8 Step 5: Covariates
We select 2 types of covariates for the next step (to analyze using propensity score or other alternative approaches):
8.1 Ideal number of prioritised covariates
Based on calculated \(log-absolute-bias\), we select top k
recurrence covariates to be used in the hdPS analyses later. Below is a plot of all of the absolute log of the Bias Multiplier:
We used \(k = 100\) covariates selected by the hdPS algorithm (we call them ‘hdPS covariates’). What should be the cutpoint?
Absolute log of the Bias Multiplier has a null value of 0. Anything above 0 is an indication of confounding bias adjusted by the adjustment of the associated recurrent covariate. For large proxy data sources, \(k = 500\) is suggested (Schneeweiss et al. 2009).
8.2 Investigator-specified covariates
\(25\) investigator-specified covariates are selected based on variables in the DAG that are available in the data set.

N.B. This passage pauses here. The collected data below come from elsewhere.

text \<open>Writing the flux in upwind form
  \<open>H1 = (a\<^sup>+ A\<^sup>- (u\<^sup>- - a\<^sup>-) - a\<^sup>- A\<^sup>+ (u\<^sup>+ - a\<^sup>+)) / (a\<^sup>+ - a\<^sup>-)\<close>
  and using \<open>a\<^sup>- \<le> u\<^sup>\<plusminus> \<le> a\<^sup>+\<close> shows that it lies between the purely upwind fluxes
  \<open>a\<^sup>- A\<^sup>+\<close> and \<open>a\<^sup>+ A\<^sup>-\<close>. Hence a cell (or node piece) can lose at most
  \<open>\<Delta>t (a\<^sup>+ A\<^sup>- - a\<^sup>- A\<^sup>+)\<close> of its mass per step, which the second quotient in each
  time-step bound keeps below the mass present.\<close>

lemma H1_upwind_form:
  assumes "aplus I - aminus I \<noteq> 0"
  shows "H1 I = (aplus I * Am I * (um I - aminus I) - aminus I * Ap I * (up I - aplus I))
                / (aplus I - aminus I)"
proof -
  have "H1 I = (aplus I * Qm I - aminus I * Qp I + aplus I * aminus I * (Ap I - Am I))
               / (aplus I - aminus I)"
    unfolding H1_def by (simp add: add_divide_distrib)
  then show ?thesis
    by (simp add: Qp_def Qm_def algebra_simps)
qed

lemma
  assumes "valid_iface I"
  shows H1_le_aplus_Am: "H1 I \<le> aplus I * Am I"
    and aminus_Ap_le_H1: "aminus I * Ap I \<le> H1 I"
proof -
  let ?p = "aplus I" and ?m = "aminus I"
  let ?N = "?p * Am I * (um I - ?m) - ?m * Ap I * (up I - ?p)"
  have gap: "?p - ?m > 0" and A: "Ap I \<ge> 0" "Am I \<ge> 0"
    using assms by (auto simp: valid_iface_def)
  have p: "0 \<le> ?p" "um I \<le> ?p" "up I \<le> ?p" and m: "?m \<le> 0" "?m \<le> um I" "?m \<le> up I"
    using assms by (auto simp: valid_iface_def aplus_def aminus_def)
  have "?p * Am I * (um I - ?m) \<le> ?p * Am I * (?p - ?m)"
    using p A by (intro mult_left_mono) auto
  moreover have "0 \<le> ?m * Ap I * (up I - ?p)"
    using p m A by (simp add: mult_nonpos_nonpos mult_nonpos_nonneg)
  ultimately have "?N \<le> ?p * Am I * (?p - ?m)" by linarith
  then show "H1 I \<le> ?p * Am I"
    using gap by (simp add: H1_upwind_form divide_le_eq)
  have "0 \<le> ?p * Am I * (um I - ?m)"
    using p m A by (intro mult_nonneg_nonneg) auto
  moreover have "(- ?m) * Ap I * (?m - ?p) \<le> (- ?m) * Ap I * (up I - ?p)"
    using p m A by (intro mult_left_mono) (auto simp: mult_nonpos_nonneg)
  ultimately have "?m * Ap I * (?p - ?m) \<le> ?N" by (simp add: algebra_simps)
  then show "?m * Ap I \<le> H1 I"
    using gap by (simp add: H1_upwind_form le_divide_eq)
qed

lemma mult_le_of_le_quot_pos:
  assumes "ereal t \<le> quot_pos x d" "0 \<le> t" "0 \<le> x"
  shows "t * d \<le> x"
proof (cases "d \<le> 0")
  case True
  then show ?thesis
    using assms(2,3) by (meson mult_nonneg_nonpos order_trans)
next
  case False
  then show ?thesis
    using assms(1) by (simp add: quot_pos_def le_divide_eq)
qed

lemma quot_nz_eq_quot_pos: "0 \<le> d \<Longrightarrow> quot_nz x d = quot_pos x d"
  by (simp add: quot_nz_def quot_pos_def)

lemma quot_nz_uminus: "quot_nz (- x) d = quot_nz x (- d)"
  by (simp add: quot_nz_def)

lemma cell_update_nonneg:
  assumes "0 \<le> t" "0 < dx" "0 \<le> A" "valid_iface IL" "valid_iface IR"
    and "ereal t \<le> dt_cell dx A IL IR"
  shows "0 \<le> cell_update t dx A IL IR"
proof -
  let ?D = "aplus IR * Am IR - aminus IL * Ap IL"
  have "H1 IR - H1 IL \<le> ?D"
    using H1_le_aplus_Am[OF assms(5)] aminus_Ap_le_H1[OF assms(4)] by linarith
  then have "t * (H1 IR - H1 IL) \<le> t * ?D"
    using assms(1) by (rule mult_left_mono)
  also have "t * ?D \<le> dx * A"
    using assms by (intro mult_le_of_le_quot_pos) (auto simp: dt_cell_def)
  finally have "t / dx * (H1 IR - H1 IL) \<le> A"
    using assms(2) by (simp add: divide_le_eq mult.commute mult.left_commute)
  then show ?thesis
    by (simp add: cell_update_def)
qed

lemma inflow_piece_nonneg:
  assumes "valid_iface I" "0 \<le> t" "0 \<le> V"
    and "ereal t \<le> quot_nz (- V) (aminus I * Ap I)"
  shows "0 \<le> V + t * H1 I"
proof -
  have "aminus I * Ap I \<le> 0"
    using assms(1) by (auto simp: valid_iface_def aminus_def intro: mult_nonpos_nonneg)
  then have "t * - (aminus I * Ap I) \<le> V"
    using assms by (intro mult_le_of_le_quot_pos) (auto simp: quot_nz_uminus quot_nz_eq_quot_pos)
  moreover have "t * (aminus I * Ap I) \<le> t * H1 I"
    using aminus_Ap_le_H1[OF assms(1)] assms(2) by (rule mult_left_mono)
  ultimately show ?thesis by linarith
qed

lemma outflow_piece_nonneg:
  assumes "valid_iface I" "0 \<le> t" "0 \<le> V"
    and "ereal t \<le> quot_nz V (aplus I * Am I)"
  shows "0 \<le> V - t * H1 I"
proof -
  have "0 \<le> aplus I * Am I"
    using assms(1) by (auto simp: valid_iface_def aplus_def)
  then have "t * (aplus I * Am I) \<le> V"
    using assms by (intro mult_le_of_le_quot_pos) (auto simp: quot_nz_eq_quot_pos)
  moreover have "t * H1 I \<le> t * (aplus I * Am I)"
    using H1_le_aplus_Am[OF assms(1)] assms(2) by (rule mult_left_mono)
  ultimately show ?thesis by linarith
qed

lemma node_update_eq_sum_pieces:
  "node_update t Jin dxin Ain Iin Jout dxout Aout Iout =
     (\<Sum>i\<in>Jin. dxin i * Ain i + t * H1 (Iin i)) + (\<Sum>j\<in>Jout. dxout j * Aout j - t * H1 (Iout j))"
  by (simp add: node_update_def node_volume_def sum.distrib sum_subtractf sum_distrib_left)

lemma node_update_nonneg:
  assumes t: "0 \<le> t"
    and inl: "\<And>i. i \<in> Jin \<Longrightarrow> 0 \<le> dxin i \<and> 0 \<le> Ain i \<and> valid_iface (Iin i)"
    and outl: "\<And>j. j \<in> Jout \<Longrightarrow> 0 \<le> dxout j \<and> 0 \<le> Aout j \<and> valid_iface (Iout j)"
    and le: "ereal t \<le> dt_node Jin dxin Ain Iin Jout dxout Aout Iout"
  shows "0 \<le> node_update t Jin dxin Ain Iin Jout dxout Aout Iout"
proof -
  have inflow: "0 \<le> dxin i * Ain i + t * H1 (Iin i)" if i: "i \<in> Jin" for i
  proof (rule inflow_piece_nonneg)
    have "ereal t \<le> min (quot_nz (dxin i) (aplus (Iin i)))
                         (quot_nz (- dxin i * Ain i) (aminus (Iin i) * Ap (Iin i)))"
      using le INF_lower[OF i] unfolding dt_node_def by (meson min.boundedE order_trans)
    then show "ereal t \<le> quot_nz (- (dxin i * Ain i)) (aminus (Iin i) * Ap (Iin i))"
      by simp
  qed (use t inl[OF i] in auto)
  have outflow: "0 \<le> dxout j * Aout j - t * H1 (Iout j)" if j: "j \<in> Jout" for j
  proof (rule outflow_piece_nonneg)
    have "ereal t \<le> min (quot_nz (- dxout j) (aminus (Iout j)))
                         (quot_nz (dxout j * Aout j) (aplus (Iout j) * Am (Iout j)))"
      using le INF_lower[OF j] unfolding dt_node_def by (meson min.boundedE order_trans)
    then show "ereal t \<le> quot_nz (dxout j * Aout j) (aplus (Iout j) * Am (Iout j))"
      by simp
  qed (use t outl[OF j] in auto)
  have "0 \<le> (\<Sum>i\<in>Jin. dxin i * Ain i + t * H1 (Iin i))"
    by (rule sum_nonneg) (rule inflow)
  moreover have "0 \<le> (\<Sum>j\<in>Jout. dxout j * Aout j - t * H1 (Iout j))"
    by (rule sum_nonneg) (rule outflow)
  ultimately show ?thesis
    unfolding node_update_eq_sum_pieces by simp
qed

theorem theorem1:
  fixes K :: "'k set" and dx A :: "'k \<Rightarrow> real" and IL IR :: "'k \<Rightarrow> iface"
    and S :: "'n set" and Jin Jout :: "'n \<Rightarrow> 'l set"
    and dxin Ain dxout Aout :: "'n \<Rightarrow> 'l \<Rightarrow> real" and Iin Iout :: "'n \<Rightarrow> 'l \<Rightarrow> iface"
    and dt :: real
  assumes dt_pos: "dt > 0"
    and finK: "finite K" and finS: "finite S"
    and cells: "\<And>k. k \<in> K \<Longrightarrow> dx k > 0 \<and> A k \<ge> 0 \<and> valid_iface (IL k) \<and> valid_iface (IR k)"
    and fin_links: "\<And>s. s \<in> S \<Longrightarrow> finite (Jin s) \<and> finite (Jout s)"
    and inlinks: "\<And>s i. s \<in> S \<Longrightarrow> i \<in> Jin s \<Longrightarrow>
                    dxin s i > 0 \<and> Ain s i \<ge> 0 \<and> valid_iface (Iin s i)"
    and outlinks: "\<And>s j. s \<in> S \<Longrightarrow> j \<in> Jout s \<Longrightarrow>
                    dxout s j > 0 \<and> Aout s j \<ge> 0 \<and> valid_iface (Iout s j)"
  shows "(\<forall>k\<in>K. ereal dt \<le> dt_cell (dx k) (A k) (IL k) (IR k)
                \<longrightarrow> cell_update dt (dx k) (A k) (IL k) (IR k) \<ge> 0)
       \<and> (\<forall>s\<in>S. ereal dt \<le> dt_node (Jin s) (dxin s) (Ain s) (Iin s) (Jout s) (dxout s) (Aout s) (Iout s)
                \<longrightarrow> node_update dt (Jin s) (dxin s) (Ain s) (Iin s) (Jout s) (dxout s) (Aout s) (Iout s) \<ge> 0)
       \<and> (ereal dt \<le> min (INF k\<in>K. dt_cell (dx k) (A k) (IL k) (IR k))
                         (INF s\<in>S. dt_node (Jin s) (dxin s) (Ain s) (Iin s) (Jout s) (dxout s) (Aout s) (Iout s))
          \<longrightarrow> (\<forall>k\<in>K. cell_update dt (dx k) (A k) (IL k) (IR k) \<ge> 0)
            \<and> (\<forall>s\<in>S. node_update dt (Jin s) (dxin s) (Ain s) (Iin s) (Jout s) (dxout s) (Aout s) (Iout s) \<ge> 0))"
proof -
  have cell: "\<forall>k\<in>K. ereal dt \<le> dt_cell (dx k) (A k) (IL k) (IR k)
                \<longrightarrow> cell_update dt (dx k) (A k) (IL k) (IR k) \<ge> 0"
    using cells dt_pos by (auto intro: cell_update_nonneg)
  have node: "\<forall>s\<in>S. ereal dt \<le> dt_node (Jin s) (dxin s) (Ain s) (Iin s) (Jout s) (dxout s) (Aout s) (Iout s)
                \<longrightarrow> node_update dt (Jin s) (dxin s) (Ain s) (Iin s) (Jout s) (dxout s) (Aout s) (Iout s) \<ge> 0"
  proof (intro ballI impI)
    fix s assume "s \<in> S"
      and "ereal dt \<le> dt_node (Jin s) (dxin s) (Ain s) (Iin s) (Jout s) (dxout s) (Aout s) (Iout s)"
    then show "node_update dt (Jin s) (dxin s) (Ain s) (Iin s) (Jout s) (dxout s) (Aout s) (Iout s) \<ge> 0"
      using dt_pos inlinks outlinks by (intro node_update_nonneg) (auto simp: less_imp_le)
  qed
  show ?thesis
    using cell node INF_lower[of _ K "\<lambda>k. dt_cell (dx k) (A k) (IL k) (IR k)"]
      INF_lower[of _ S "\<lambda>s. dt_node (Jin s) (dxin s) (Ain s) (Iin s) (Jout s) (dxout s) (Aout s) (Iout s)"]
    by (meson min.boundedE order_trans)
qed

We should also add necessary interactions of these investigator-specified covariates, or add other useful model-specifications (e.g., polynomials).
- 14 demographic, behavioral, health history related variables
- Mostly categorical
- 11 lab variables
- Mostly continuous
8.3 hdPS model
C = investigator-specified covariates and EC = hdPS covariates (Schneeweiss et al. 2009)
Then the hdPS can be used as matching, weighting, stratifying variables, or as covariates (usuallly in deciles) in outcome model.